T.R | Title | User | Personal Name | Date | Lines |
---|
1787.1 | Use the Event collection capability | TOOK::CAREY | | Tue Nov 12 1991 09:59 | 15 |
|
Setup DECmcc on your node as an event sink for the reachability changes
or adjacency down events from the routing node.
Reachability takes a long time to change on a large network; on a LAN,
adjacency down events from a router give you much quicker response.
Look in the DECnet Phase IV Use manual and use the sample EVL startup
command file (something like SYS$STARTUP:MCC_STARTUP_DNA4_EVL.COM) for
some hints on setting up MCC as the event repository and dumping events
from the routing node into your DECmcc.
This will free up the logical links and give you more rapid response.
|
1787.2 | Need more to help identify the problem | TOOK::ORENSTEIN | | Tue Nov 12 1991 15:13 | 9 |
| >> The first problem I have is that once an alarm is triggered it appears
>> to trigger continuously rather than once each polling interval.

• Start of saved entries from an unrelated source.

(* For any distinct $f_0,f_1\in\Delta(\mathcal{G})$ there exists a vertex-transitive graph $G$ such that $f_0(G)\neq f_1(G)$.
   Context: $\mathcal{G}$ is the class of finite simple graphs. $E_n$ is the graph with $n$ vertices and no edges; $\sqcup$ is disjoint union; $\boxtimes$ is the strong product (vertex set $V(G)\times V(H)$, distinct $(g,h),(g',h')$ adjacent iff ($g=g'$ or $gg'\in E(G)$) and ($h=h'$ or $hh'\in E(H)$)). A cohomomorphism $G\to H$ is a map $V(G)\to V(H)$ sending distinct non-adjacent vertices to distinct non-adjacent vertices; $G\le_{\mathcal{G}}H$ if one exists. $\Delta(\mathcal{G})$ is the set of functions $f:\mathcal{G}\to\mathbb{R}_{\ge0}$ with $f(E_n)=n$, $f(G\boxtimes H)=f(G)f(H)$, $f(G\sqcup H)=f(G)+f(H)$, and $f(G)\le f(H)$ whenever $G\le_{\mathcal{G}}H$. *)

theory Defs
  imports Complex_Main "HOL-Library.Nat_Bijection"
begin

text \<open>Finite simple graphs with vertices drawn from nat (every finite simple graph
is isomorphic to one of these; all functions in Delta are isomorphism invariant
because isomorphisms are cohomomorphisms in both directions).\<close>

definition wf_graph :: "nat set \<times> (nat \<times> nat) set \<Rightarrow> bool" where
  "wf_graph VE \<longleftrightarrow> finite (fst VE) \<and> snd VE \<subseteq> fst VE \<times> fst VE
     \<and> (\<forall>x y. (x, y) \<in> snd VE \<longrightarrow> (y, x) \<in> snd VE)
     \<and> (\<forall>x. (x, x) \<notin> snd VE)"

typedef graph = "{VE. wf_graph VE}"
  by (rule exI[of _ "({}, {})"]) (simp add: wf_graph_def)

definition gV :: "graph \<Rightarrow> nat set" where "gV G = fst (Rep_graph G)"
definition gE :: "graph \<Rightarrow> (nat \<times> nat) set" where "gE G = snd (Rep_graph G)"

definition adj :: "graph \<Rightarrow> nat \<Rightarrow> nat \<Rightarrow> bool" where
  "adj G x y \<longleftrightarrow> (x, y) \<in> gE G"

definition empty_graph :: "nat \<Rightarrow> graph" where
  "empty_graph n = Abs_graph ({0..<n}, {})"

definition disj_union :: "graph \<Rightarrow> graph \<Rightarrow> graph" where
  "disj_union G H = Abs_graph
     ((\<lambda>v. 2 * v) ` gV G \<union> (\<lambda>v. 2 * v + 1) ` gV H,
      (\<lambda>(x, y). (2 * x, 2 * y)) ` gE G \<union> (\<lambda>(x, y). (2 * x + 1, 2 * y + 1)) ` gE H)"

definition strong_prod :: "graph \<Rightarrow> graph \<Rightarrow> graph" where
  "strong_prod G H = Abs_graph
     (prod_encode ` (gV G \<times> gV H),
      {(prod_encode (g, h), prod_encode (g', h')) | g h g' h'.
         g \<in> gV G \<and> g' \<in> gV G \<and> h \<in> gV H \<and> h' \<in> gV H \<and> (g, h) \<noteq> (g', h') \<and>
         (g = g' \<or> adj G g g') \<and> (h = h' \<or> adj H h h')})"

definition cohom :: "graph \<Rightarrow> graph \<Rightarrow> (nat \<Rightarrow> nat) \<Rightarrow> bool" where
  "cohom G H \<phi> \<longleftrightarrow> \<phi> ` gV G \<subseteq> gV H \<and>
     (\<forall>x\<in>gV G. \<forall>y\<in>gV G. x \<noteq> y \<and> \<not> adj G x y \<longrightarrow> \<phi> x \<noteq> \<phi> y \<and> \<not> adj H (\<phi> x) (\<phi> y))"

definition graph_le :: "graph \<Rightarrow> graph \<Rightarrow> bool" where
  "graph_le G H \<longleftrightarrow> (\<exists>\<phi>. cohom G H \<phi>)"

definition Delta :: "(graph \<Rightarrow> real) set" where
  "Delta = {f. (\<forall>G. f G \<ge> 0)
     \<and> (\<forall>n. f (empty_graph n) = real n)
     \<and> (\<forall>G H. f (strong_prod G H) = f G * f H)
     \<and> (\<forall>G H. f (disj_union G H) = f G + f H)
     \<and> (\<forall>G H. graph_le G H \<longrightarrow> f G \<le> f H)}"

definition automorphism :: "graph \<Rightarrow> (nat \<Rightarrow> nat) \<Rightarrow> bool" where
  "automorphism G \<sigma> \<longleftrightarrow> bij_betw \<sigma> (gV G) (gV G) \<and>
     (\<forall>x\<in>gV G. \<forall>y\<in>gV G. adj G (\<sigma> x) (\<sigma> y) \<longleftrightarrow> adj G x y)"

definition vertex_transitive :: "graph \<Rightarrow> bool" where
  "vertex_transitive G \<longleftrightarrow> (\<forall>u\<in>gV G. \<forall>v\<in>gV G. \<exists>\<sigma>. automorphism G \<sigma> \<and> \<sigma> u = v)"

end

theory Submission
  imports Defs "HOL-Combinatorics.Permutations" "HOL-Library.FuncSet" "HOL-Real_Asymp.Real_Asymp"
begin

(* Suppose f0 G < f1 G and let m = |V(G)|. The vertices of the n-th strong power of G are the
   words of length n over V(G); group them into type classes according to how often each vertex
   of G occurs. Permuting coordinates is an automorphism of the power that preserves types and
   acts transitively on each class, so every class induces a vertex-transitive graph, on which
   f0 and f1 agree. There are at most (n+1)^m classes, and every f in Delta is monotone and
   subadditive over vertex covers (H <= H[A] + H[-A]), so
     f1(G)^n <= sum over classes of f1(class) = sum of f0(class) <= (n+1)^m f0(G)^n,
   which fails for large n. *)

lemma wf_graph_Rep_graph: "wf_graph (Rep_graph G)"
  using Rep_graph by simp

lemma finite_gV: "finite (gV G)"
  using wf_graph_Rep_graph[of G] by (simp add: wf_graph_def gV_def)

lemma adj_sym: "adj G x y \<Longrightarrow> adj G y x"
  using wf_graph_Rep_graph[of G] by (simp add: wf_graph_def gE_def adj_def)

lemma adj_irrefl: "\<not> adj G x x"
  using wf_graph_Rep_graph[of G] by (simp add: wf_graph_def gE_def adj_def)

lemma adj_in_gV: "adj G x y \<Longrightarrow> x \<in> gV G \<and> y \<in> gV G"
  using wf_graph_Rep_graph[of G] by (auto simp: wf_graph_def gE_def adj_def gV_def)

lemma gV_Abs_graph: "wf_graph X \<Longrightarrow> gV (Abs_graph X) = fst X"
  by (simp add: gV_def Abs_graph_inverse)

lemma adj_Abs_graph: "wf_graph X \<Longrightarrow> adj (Abs_graph X) x y \<longleftrightarrow> (x, y) \<in> snd X"
  by (simp add: adj_def gE_def Abs_graph_inverse)

lemma graph_eqI: "gV G = gV H \<Longrightarrow> (\<And>x y. adj G x y \<longleftrightarrow> adj H x y) \<Longrightarrow> G = H"
proof -
  assume "gV G = gV H" and adj_eq: "\<And>x y. adj G x y \<longleftrightarrow> adj H x y"
  moreover have "gE G = gE H"
    using adj_eq by (auto simp: adj_def)
  ultimately show "G = H"
    by (metis Rep_graph_inject gE_def gV_def prod.collapse)
qed

lemma Delta_nonneg: "f \<in> Delta \<Longrightarrow> 0 \<le> f G"
  by (simp add: Delta_def)

lemma Delta_mono: "f \<in> Delta \<Longrightarrow> graph_le G H \<Longrightarrow> f G \<le> f H"
  by (simp add: Delta_def)

lemma Delta_empty_graph: "f \<in> Delta \<Longrightarrow> f (empty_graph n) = real n"
  by (simp add: Delta_def)

lemma Delta_strong_prod: "f \<in> Delta \<Longrightarrow> f (strong_prod G H) = f G * f H"
  by (simp add: Delta_def)

lemma Delta_disj_union: "f \<in> Delta \<Longrightarrow> f (disj_union G H) = f G + f H"
  by (simp add: Delta_def)

lemma wf_empty_graph: "wf_graph ({0..<n}, {})"
  by (simp add: wf_graph_def)

lemma gV_empty_graph [simp]: "gV (empty_graph n) = {0..<n}"
  by (simp add: empty_graph_def gV_Abs_graph[OF wf_empty_graph])

lemma adj_empty_graph [simp]: "\<not> adj (empty_graph n) x y"
  by (simp add: empty_graph_def adj_Abs_graph[OF wf_empty_graph])

lemma wf_disj_union: "wf_graph ((\<lambda>v. 2 * v) ` gV G \<union> (\<lambda>v. 2 * v + 1) ` gV H,
    (\<lambda>(x, y). (2 * x, 2 * y)) ` gE G \<union> (\<lambda>(x, y). (2 * x + 1, 2 * y + 1)) ` gE H)"
  unfolding wf_graph_def using finite_gV[of G] finite_gV[of H]
  using adj_sym[of G] adj_sym[of H] adj_irrefl[of G] adj_irrefl[of H] adj_in_gV[of G] adj_in_gV[of H]
  by (auto simp: adj_def)

lemma gV_disj_union: "gV (disj_union G H) = (\<lambda>v. 2 * v) ` gV G \<union> (\<lambda>v. 2 * v + 1) ` gV H"
  unfolding disj_union_def gV_Abs_graph[OF wf_disj_union] by simp
(* There exists a constant $b_N>0$ depending only on $N$ such that for every measurable set $E\subset\mathbb{R}^N$ with $|E|<\infty$ and every $t>0$, $$\|P_t\mathbf 1_E-\mathbf 1_E\|_{L^1}\ \ge\ |E|-\frac{b_N}{V(t/2)}\,e^{-\frac t4\operatorname{tr}B}\,|E|^2.$$
   Context: Let $N\ge 2$. Let $Q,B$ be real constant $N\times N$ matrices with $Q=Q^\star\ge 0$, and assume $K(t)=\frac1t\int_0^t e^{rB}Qe^{rB^\star}\,dr$ is positive definite for every $t>0$. Let $\omega_N$ be the volume of the unit ball, $V(t)=\omega_N(\det(tK(t)))^{1/2}$, $m_t(X,Y)^2=\langle K(t)^{-1}(Y-e^{tB}X),\,Y-e^{tB}X\rangle$, $p(X,Y,t)=(4\pi)^{-N/2}(\det(tK(t)))^{-1/2}\exp\!\big(-m_t(X,Y)^2/(4t)\big)$, and $P_tf(X)=\int_{\mathbb{R}^N}p(X,Y,t)f(Y)\,dY$. $|E|$ is Lebesgue measure, $\mathbf 1_E$ the indicator function. *)

theory Defs
  imports "HOL-Analysis.Analysis"
begin

primrec mat_pow :: "real^'n^'n \<Rightarrow> nat \<Rightarrow> real^'n^'n" where
  "mat_pow A 0 = mat 1"
| "mat_pow A (Suc k) = A ** mat_pow A k"

definition mat_exp :: "real^'n^'n \<Rightarrow> real^'n^'n" where
  "mat_exp A = (\<Sum>k. (1 / fact k) *\<^sub>R mat_pow A k)"

definition pos_semidef :: "real^'n^'n \<Rightarrow> bool" where
  "pos_semidef A \<longleftrightarrow> (\<forall>x. 0 \<le> x \<bullet> (A *v x))"

definition pos_def :: "real^'n^'n \<Rightarrow> bool" where
  "pos_def A \<longleftrightarrow> (\<forall>x. x \<noteq> 0 \<longrightarrow> 0 < x \<bullet> (A *v x))"

definition Kmat :: "real^'n^'n \<Rightarrow> real^'n^'n \<Rightarrow> real \<Rightarrow> real^'n^'n" where
  "Kmat Q B t = (1 / t) *\<^sub>R integral {0..t}
      (\<lambda>r. mat_exp (r *\<^sub>R B) ** Q ** mat_exp (r *\<^sub>R transpose B))"

definition omega :: "'n::finite itself \<Rightarrow> real" where
  "omega _ = measure lebesgue (ball (0::real^'n) 1)"

definition Vfun :: "real^'n^'n \<Rightarrow> real^'n^'n \<Rightarrow> real \<Rightarrow> real" where
  "Vfun Q B t = omega TYPE('n) * sqrt (det (t *\<^sub>R Kmat Q B t))"

definition msq :: "real^'n^'n \<Rightarrow> real^'n^'n \<Rightarrow> real \<Rightarrow> real^'n \<Rightarrow> real^'n \<Rightarrow> real" where
  "msq Q B t X Y = (let d = Y - mat_exp (t *\<^sub>R B) *v X in
      (matrix_inv (Kmat Q B t) *v d) \<bullet> d)"

definition kernel :: "real^'n^'n \<Rightarrow> real^'n^'n \<Rightarrow> real^'n \<Rightarrow> real^'n \<Rightarrow> real \<Rightarrow> real" where
  "kernel Q B X Y t = (4 * pi) powr (- real CARD('n) / 2)
      * (det (t *\<^sub>R Kmat Q B t)) powr (-1/2) * exp (- msq Q B t X Y / (4 * t))"

definition Pt :: "real^'n^'n \<Rightarrow> real^'n^'n \<Rightarrow> real \<Rightarrow> (real^'n \<Rightarrow> real) \<Rightarrow> real^'n \<Rightarrow> real" where
  "Pt Q B t f X = (\<integral>Y. kernel Q B X Y t * f Y \<partial>lebesgue)"

end

theory Submission
  imports Defs
begin

text \<open>
  With \<open>M(t) = tK(t)\<close>, the kernel is at most \<open>c = (4\<pi>)^(-N/2) / sqrt (det M(t))\<close>, so
  \<open>P_t 1_E \<le> c |E|\<close> and integrating \<open>1 - P_t 1_E\<close> over \<open>E\<close> gives \<open>|E| - c |E|^2\<close>.
  To compare \<open>c\<close> with \<open>V(t/2)\<close>, split the integral defining \<open>M(t)\<close> at \<open>t/2\<close>:
  \<open>M(t) = M(t/2) + e^(t/2 B) M(t/2) e^(t/2 B*)\<close>. Both summands are positive definite and the
  determinant is monotone on positive semidefinite matrices, so \<open>det M(t)\<close> dominates both
  \<open>det M(t/2)\<close> and, by Liouville's formula \<open>det e^A = e^(tr A)\<close>, \<open>e^(t tr B) det M(t/2)\<close>;
  hence, as \<open>max 1 (x^2) \<ge> x\<close>, \<open>det M(t) \<ge> e^(t/2 tr B) det M(t/2)\<close>.
\<close>

subsection \<open>The matrix exponential\<close>

text \<open>Square matrices form a Banach algebra under the operator norm; wrapping them in a type of
  class \<open>real_normed_algebra_1\<close> lets us use the library's \<open>exp\<close>.\<close>

typedef (overloaded) 'n sqmat = "UNIV :: (real^'n::finite^'n) set"
  morphisms vecmat Sqmat by auto
theorem theorem12:
  fixes a :: real and x y :: "real \<Rightarrow> real" and s :: complex and c :: "real \<Rightarrow> complex"
  assumes "valid_path c"
    and "pathfinish c = pathstart c"
    and "1 \<notin> path_image c"
    and "winding_number c 1 = -1"
    and "path_image c \<subseteq> interior (nabla_conv_set a x \<inter>
           {z. z \<noteq> 1 \<and> (s - z) / (1 - z) \<in> nabla_conv_set a y})"
  shows "nabla_laplace a (\<lambda>k. x k * y k) s =
         1 / (2 * pi * \<i>) * contour_integral c
           (\<lambda>z. nabla_laplace a x z * nabla_laplace a y ((s - z) / (1 - z)) / (1 - z))"
proof -
  define S where "S = interior (nabla_overlap_conv_set a x y s)"
  have c_S: "path_image c \<subseteq> S" and one_S: "1 \<notin> S"
    using assms(5) interior_subset by (auto simp: S_def nabla_overlap_conv_set_def)
  obtain p B where p: "valid_path p" "pathfinish p = pathstart p" "path_image p \<subseteq> S"
    and B: "\<And>t. t \<in> {0..1} \<Longrightarrow> norm (vector_derivative p (at t)) \<le> B"
    and p_c: "\<And>f. f holomorphic_on S \<Longrightarrow> contour_integral p f = contour_integral c f"
    using polynomial_path_with_same_contour_integrals[OF _ assms(1) c_S] assms(2)
    unfolding S_def by (metis open_interior)
  have "1 \<notin> path_image p"
    using p(3) one_S by blast
  moreover have "(\<lambda>w. 1 / (w - 1)) holomorphic_on S"
    using one_S by (intro holomorphic_intros) auto
  ultimately have "winding_number p 1 = winding_number c 1"
    using p(1) assms(1,3) by (simp add: winding_number_valid_path p_c)
  with assms(4) have "winding_number p 1 = -1"
    by simp
  from nabla_laplace_mult_sums_contour_integral[OF p(1,2) this B p(3)[unfolded S_def]]
  show ?thesis
    using p_c[OF nabla_convolution_integrand_holomorphic[of a x y s, folded S_def]]
    by (simp add: nabla_laplace_eq_suminf sums_iff)
qed

end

I have never seen this happen. Could you please sent up your
environment the way you see this happening, use the LOG sample
command procedures on all your rules, trigger your alarm then
send me the logs you accumulate and also a DIR/DAT of the logs.
aud...
|
1787.3 | Progress.. | DUNDEE::CLEARY | A deviant having fun..." | Wed Nov 13 1991 19:14 | 48 |
| re .1
I modified all the rules to start at different times - they are
currently staggered by 30 seconds. This is not too bad for V1.1 where
you have to create individual rules but not viable for V1.2 where wild
card entities can be used. Do we need tosolve this problem or warn
people about it. A solution would be preferable since a burst of
alarms all at once will cause performance problems on the management
system. I can just see someone creating a generic rule to check the
reachability of all 1000 nodes in our area.
I have played around with using phase IV events and will probably go
that way eventually. This is a LAN only network so reachability and
adjacency down will be about as fast as each other.
Re .3
I made substantial progress yesterday. The creation dates for the
rules all appear to be 11 days 9 hours plus or minus a few minutes in
the past. I don;t know how MCC gets confused about the time but it
appears to be the source of the problem. A simple rule with no
schedule defined which will always evaulate true (snmp hub6 synoptics
s3000chassis s3chassisfanstatus=OK) should run from NOW till FOREVER
every 15:00 minutes. It runs about 3 times each second.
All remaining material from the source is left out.